Problem requirements: Go through the entries below and print, exactly, the lines starting at the one with "(SUP p\<in>A \<times>" and ending at the one with "B \<longleftrightarrow> T", keeping both ends and no others.

──────

(* Let $(X,d)$ be a reflexive Busemann convex geodesic metric space and let $A,B\subseteq X$ be nonempty, closed and convex, with $A$ bounded. Let $T:A\cup B\to A\cup B$ be a cyclic relatively nonexpansive mapping, and suppose the pair $(A,B)$ has proximal normal structure. Then there exists $(x,y)\in A\times B$ such that $d(x,Tx)=d(y,Ty)=\operatorname{dist}(A,B)$.
   Context: $\operatorname{dist}(A,B)=\inf\{d(x,y):x\in A,y\in B\}$, $\delta(x,A)=\sup\{d(x,y):y\in A\}$, $\delta(A,B)=\sup\{d(x,y):x\in A,y\in B\}$. A geodesic space is one in which any two points are joined by a geodesic segment; a subset is convex if it contains every geodesic segment joining two of its points. $X$ is Busemann convex if for any geodesics $c_1:[0,l_1]\to X$, $c_2:[0,l_2]\to X$, $d(c_1(tl_1),c_2(tl_2))\le (1-t)d(c_1(0),c_2(0))+t\,d(c_1(l_1),c_2(l_2))$ for all $t\in[0,1]$. $X$ is reflexive if every decreasing chain of nonempty closed convex bounded subsets has nonempty intersection. $T$ is relatively nonexpansive if $d(Tx,Ty)\le d(x,y)$ for all $x\in A$, $y\in B$; it is cyclic if $T(A)\subseteq B$ and $T(B)\subseteq A$. A pair $(H_1,H_2)$ is proximal if for every $(a,b)\in H_1\times H_2$ there is $(a',b')\in H_1\times H_2$ with $d(a,b')=d(a',b)=\operatorname{dist}(H_1,H_2)$. A convex pair $(K_1,K_2)$ has proximal normal structure if for every closed bounded convex proximal pair $(H_1,H_2)$ with $H_1\subseteq K_1$, $H_2\subseteq K_2$, $\operatorname{dist}(H_1,H_2)=\operatorname{dist}(K_1,K_2)$ and $\delta(H_1,H_2)>\operatorname{dist}(H_1,H_2)$, there exists $(x_1,x_2)\in H_1\times H_2$ with $\delta(x_1,H_2)<\delta(H_1,H_2)$ and $\delta(x_2,H_1)<\delta(H_1,H_2)$. *)

theory Defs
  imports "HOL-Analysis.Analysis"
begin

text \<open>The metric space X is the whole type 'a (class metric_space).
  dist(A,B) is the library's setdist (infimum of distances for nonempty sets).\<close>

definition geodesic_path :: "(real \<Rightarrow> 'a::metric_space) \<Rightarrow> real \<Rightarrow> bool" where
  "geodesic_path c l \<longleftrightarrow> 0 \<le> l \<and>
     (\<forall>s\<in>{0..l}. \<forall>t\<in>{0..l}. dist (c s) (c t) = \<bar>s - t\<bar>)"

definition geodesic_joining :: "(real \<Rightarrow> 'a::metric_space) \<Rightarrow> real \<Rightarrow> 'a \<Rightarrow> 'a \<Rightarrow> bool" where
  "geodesic_joining c l x y \<longleftrightarrow> geodesic_path c l \<and> c 0 = x \<and> c l = y"

definition geodesic_space :: "'a::metric_space itself \<Rightarrow> bool" where
  "geodesic_space (_::'a itself) \<longleftrightarrow>
     (\<forall>x y::'a. \<exists>c l. geodesic_joining c l x y)"

definition geo_convex :: "'a::metric_space set \<Rightarrow> bool" where
  "geo_convex C \<longleftrightarrow>
     (\<forall>x\<in>C. \<forall>y\<in>C. \<forall>c l. geodesic_joining c l x y \<longrightarrow> c ` {0..l} \<subseteq> C)"

definition busemann_convex :: "'a::metric_space itself \<Rightarrow> bool" where
  "busemann_convex (_::'a itself) \<longleftrightarrow>
     (\<forall>(c1::real \<Rightarrow> 'a) l1 (c2::real \<Rightarrow> 'a) l2 t.
        geodesic_path c1 l1 \<longrightarrow> geodesic_path c2 l2 \<longrightarrow> t \<in> {0..1} \<longrightarrow>
        dist (c1 (t * l1)) (c2 (t * l2))
          \<le> (1 - t) * dist (c1 0) (c2 0) + t * dist (c1 l1) (c2 l2))"

definition reflexive_space :: "'a::metric_space itself \<Rightarrow> bool" where
  "reflexive_space (_::'a itself) \<longleftrightarrow>
     (\<forall>\<F>::'a set set. \<F> \<noteq> {} \<longrightarrow>
        (\<forall>S\<in>\<F>. S \<noteq> {} \<and> closed S \<and> geo_convex S \<and> bounded S) \<longrightarrow>
        (\<forall>S\<in>\<F>. \<forall>S'\<in>\<F>. S \<subseteq> S' \<or> S' \<subseteq> S) \<longrightarrow>
        \<Inter>\<F> \<noteq> {})"

definition delta_pt :: "'a::metric_space \<Rightarrow> 'a set \<Rightarrow> real" where
  "delta_pt x A = (SUP y\<in>A. dist x y)"

definition delta_set :: "'a::metric_space set \<Rightarrow> 'a set \<Rightarrow> real" where
  "delta_set A B = (SUP p\<in>A \<times> B. dist (fst p) (snd p))"

definition relatively_nonexpansive :: "('a::metric_space \<Rightarrow> 'a) \<Rightarrow> 'a set \<Rightarrow> 'a set \<Rightarrow> bool" where
  "relatively_nonexpansive T A B \<longleftrightarrow> (\<forall>x\<in>A. \<forall>y\<in>B. dist (T x) (T y) \<le> dist x y)"

definition cyclic_map :: "('a \<Rightarrow> 'a) \<Rightarrow> 'a set \<Rightarrow> 'a set \<Rightarrow> bool" where
  "cyclic_map T A B \<longleftrightarrow> T ` A \<subseteq> B \<and> T ` B \<subseteq> A"

definition proximal_pair :: "'a::metric_space set \<Rightarrow> 'a set \<Rightarrow> bool" where
  "proximal_pair H1 H2 \<longleftrightarrow>
     (\<forall>a\<in>H1. \<forall>b\<in>H2. \<exists>a'\<in>H1. \<exists>b'\<in>H2.
        dist a b' = setdist H1 H2 \<and> dist a' b = setdist H1 H2)"

definition proximal_normal_structure :: "'a::metric_space set \<Rightarrow> 'a set \<Rightarrow> bool" where
  "proximal_normal_structure K1 K2 \<longleftrightarrow>
     (\<forall>H1 H2. H1 \<noteq> {} \<and> H2 \<noteq> {} \<and> closed H1 \<and> closed H2 \<and> bounded H1 \<and> bounded H2 \<and>
        geo_convex H1 \<and> geo_convex H2 \<and> proximal_pair H1 H2 \<and>
        H1 \<subseteq> K1 \<and> H2 \<subseteq> K2 \<and> setdist H1 H2 = setdist K1 K2 \<and>
        delta_set H1 H2 > setdist H1 H2 \<longrightarrow>
        (\<exists>x1\<in>H1. \<exists>x2\<in>H2. delta_pt x1 H2 < delta_set H1 H2 \<and> delta_pt x2 H1 < delta_set H1 H2))"

end

theory Submission
  imports Defs
begin

text \<open>By Zorn's lemma, with reflexivity bounding chains from below, there is a minimal pair \<open>(K, L)\<close>
  of nonempty closed convex bounded sets with \<open>K \<subseteq> A\<close>, \<open>L \<subseteq> B\<close>, \<open>T ` K \<subseteq> L\<close>, \<open>T ` L \<subseteq> K\<close>
  and containing a pair at distance \<open>D = dist(A,B)\<close>. Minimality makes \<open>K\<close> the least closed convex
  set containing \<open>T ` L\<close> (and vice versa), so \<open>T\<close> does not increase how far a point is from the
  opposite set. Hence the points of \<open>K\<close> having a partner at distance \<open>D\<close> in \<open>L\<close>, both within \<open>r\<close>
  of the opposite set, form with their partners a smaller invariant pair, so they exhaust \<open>K\<close>
  as soon as one such point exists. With \<open>r\<close> large this shows that \<open>(K, L)\<close> is proximal; if its
  diameter exceeded \<open>D\<close>, proximal normal structure and Busemann convexity would provide such
  points for some \<open>r\<close> below the diameter. So all pairs in \<open>K \<times> L\<close> are at distance \<open>D\<close>, among
  them \<open>(x, T x)\<close> and \<open>(T x, T (T x))\<close>.\<close>

section \<open>Geodesics and convexity\<close>

lemma geodesic_joining_nonneg: "geodesic_joining c l x y \<Longrightarrow> 0 \<le> l"
  unfolding geodesic_joining_def geodesic_path_def by simp

lemma geodesic_joining_const: "geodesic_joining (\<lambda>_. p) 0 p p"
  unfolding geodesic_joining_def geodesic_path_def by simp

lemma geodesic_spaceE:
  assumes "geodesic_space TYPE('a::metric_space)"
  obtains c l where "geodesic_joining c l (x::'a) y"
  using assms unfolding geodesic_space_def by blast

lemma geo_convex_geodesic_point:
  assumes "geo_convex C" "x \<in> C" "y \<in> C" "geodesic_joining c l x y" "t \<in> {0..1}"
  shows "c (t * l) \<in> C"
proof -
  have "t * l \<in> {0..l}"
    using assms(5) geodesic_joining_nonneg[OF assms(4)] by (auto simp: mult_left_le_one_le)
  then show ?thesis using assms(1-4) unfolding geo_convex_def by blast
qed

──────

Solution to the exercise:
  "delta_set A B = (SUP p\<in>A \<times> B. dist (fst p) (snd p))"

definition relatively_nonexpansive :: "('a::metric_space \<Rightarrow> 'a) \<Rightarrow> 'a set \<Rightarrow> 'a set \<Rightarrow> bool" where
  "relatively_nonexpansive T A B \<longleftrightarrow> (\<forall>x\<in>A. \<forall>y\<in>B. dist (T x) (T y) \<le> dist x y)"

definition cyclic_map :: "('a \<Rightarrow> 'a) \<Rightarrow> 'a set \<Rightarrow> 'a set \<Rightarrow> bool" where
  "cyclic_map T A B \<longleftrightarrow> T ` A \<subseteq> B \<and> T ` B \<subseteq> A"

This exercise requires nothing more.